Data extracted from a collection:
☆ ☆ ☆ ☆ ☆

lemma psi_split_phi_rgf: "psi_split g n = i"
proof -
  have prefix: "card (g ` {1..j - 1}) = k"
    by (simp only: phi_rgf_image_prefix prefix_image card_lessThan)
  have growth_iff: "restricted_growth {b..j - 1} g \<longleftrightarrow> restricted_growth {b..j - 1} f" for b
    by (intro iffI; erule restricted_growth_cong) (use phi_rgf_low le_pred_R_start_iff in auto)
  have "restricted_growth {i..j - 1} g"
    using growth_iff restricted_growth_truncate[OF first_split(3)] R_start by simp
  moreover have "card (g ` {i..j - 1}) = r"
    by (simp only: phi_rgf_image_prefix middle_image card_lessThan)
  ultimately have candidate: "2 \<le> i \<and> i \<le> Suc (j - 1) \<and> restricted_growth {i..j - 1} g
      \<and> card (g ` {i..j - 1}) < card (g ` {1..j - 1})"
    using first_split R_start R_label_less prefix by simp
  show ?thesis
    unfolding psi_split_def last_cut_phi_rgf
  proof (rule Least_equality)
    show "2 \<le> i \<and> i \<le> Suc (j - 1) \<and> restricted_growth {i..j - 1} g
      \<and> card (g ` {i..j - 1}) < card (g ` {1..j - 1})" by (rule candidate)
  next
    fix b assume "2 \<le> b \<and> b \<le> Suc (j - 1) \<and> restricted_growth {b..j - 1} g
        \<and> card (g ` {b..j - 1}) < card (g ` {1..j - 1})"
    then show "i \<le> b" using no_split_before_first_split[of b] growth_iff by (meson not_le)
  qed
qed

lemma psi_rgf_phi_rgf:
  assumes "x \<in> {1..n}"
  shows "psi_rgf g n x = f x"
proof -
  have "card (g ` {i..j - 1}) = r" "card (g ` {1..j - 1}) = k"
    by (simp_all only: phi_rgf_image_prefix middle_image prefix_image card_lessThan)
  then have psi: "psi_rgf g n x = (if x < j then g x else g x - k + r)"
    unfolding psi_rgf_def last_cut_phi_rgf psi_split_phi_rgf le_pred_R_start_iff by simp
  show ?thesis
  proof (cases "x < j")
    case True
    then show ?thesis using psi phi_rgf_low by simp
  next
    case False
    then have "r \<le> f x" using R_label_le assms by simp
    then show ?thesis using psi phi_rgf_high False by simp
  qed
qed
lemma bij_maya_shift: "bij_betw maya_shift ({S. finite S} \<times> {S. finite S}) ({S. finite S} \<times> {S. finite S})"
proof (rule bij_betw_byWitness[where f' = "prod.swap \<circ> maya_shift \<circ> prod.swap"])
  have "maya_shift (prod.swap (maya_shift (prod.swap y))) = y" for y
    using maya_shift_inverse[of "prod.swap y"] by (metis swap_swap)
  then show "\<forall>y\<in>{S. finite S} \<times> {S. finite S}. maya_shift ((prod.swap \<circ> maya_shift \<circ> prod.swap) y) = y"
    by simp
  show "\<forall>x\<in>{S. finite S} \<times> {S. finite S}. (prod.swap \<circ> maya_shift \<circ> prod.swap) (maya_shift x) = x"
    by (simp add: maya_shift_inverse)
  show "maya_shift ` ({S. finite S} \<times> {S. finite S}) \<subseteq> {S. finite S} \<times> {S. finite S}"
    using maya_shift_finite by blast
  show "(prod.swap \<circ> maya_shift \<circ> prod.swap) ` ({S. finite S} \<times> {S. finite S})
      \<subseteq> {S. finite S} \<times> {S. finite S}"
    using maya_shift_finite by force
qed

lemma card_filter_bij_betw:
  assumes bij: "bij_betw h X X" and P_Q: "\<And>x. x \<in> X \<Longrightarrow> P (h x) \<longleftrightarrow> Q x"
  shows "card {x\<in>X. P x} = card {x\<in>X. Q x}"
proof -
  have "h ` {x\<in>X. Q x} = {y\<in>X. P y}"
  proof (intro equalityI subsetI)
    fix y
    assume "y \<in> {y\<in>X. P y}"
    moreover obtain x where "x \<in> X" "y = h x"
      using bij \<open>y \<in> {y\<in>X. P y}\<close> by (auto simp: bij_betw_def)
    ultimately show "y \<in> h ` {x\<in>X. Q x}"
      using P_Q by auto
  qed (use bij P_Q bij_betw_apply in fastforce)
  then have "bij_betw h {x\<in>X. Q x} {y\<in>X. P y}"
    by (intro bij_betw_subset[OF bij]) auto
  then show ?thesis
    by (simp add: bij_betw_same_card)
qed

☆ ☆ ☆ ☆ ☆

» **EXERCISE AIM**
Search the entries for the word "circ" and gather every line where it appears.

» **RESPONSE FOR THIS EXERCISE**
proof (rule bij_betw_byWitness[where f' = "prod.swap \<circ> maya_shift \<circ> prod.swap"])
  then show "\<forall>y\<in>{S. finite S} \<times> {S. finite S}. maya_shift ((prod.swap \<circ> maya_shift \<circ> prod.swap) y) = y"
  show "\<forall>x\<in>{S. finite S} \<times> {S. finite S}. (prod.swap \<circ> maya_shift \<circ> prod.swap) (maya_shift x) = x"
  show "(prod.swap \<circ> maya_shift \<circ> prod.swap) ` ({S. finite S} \<times> {S. finite S})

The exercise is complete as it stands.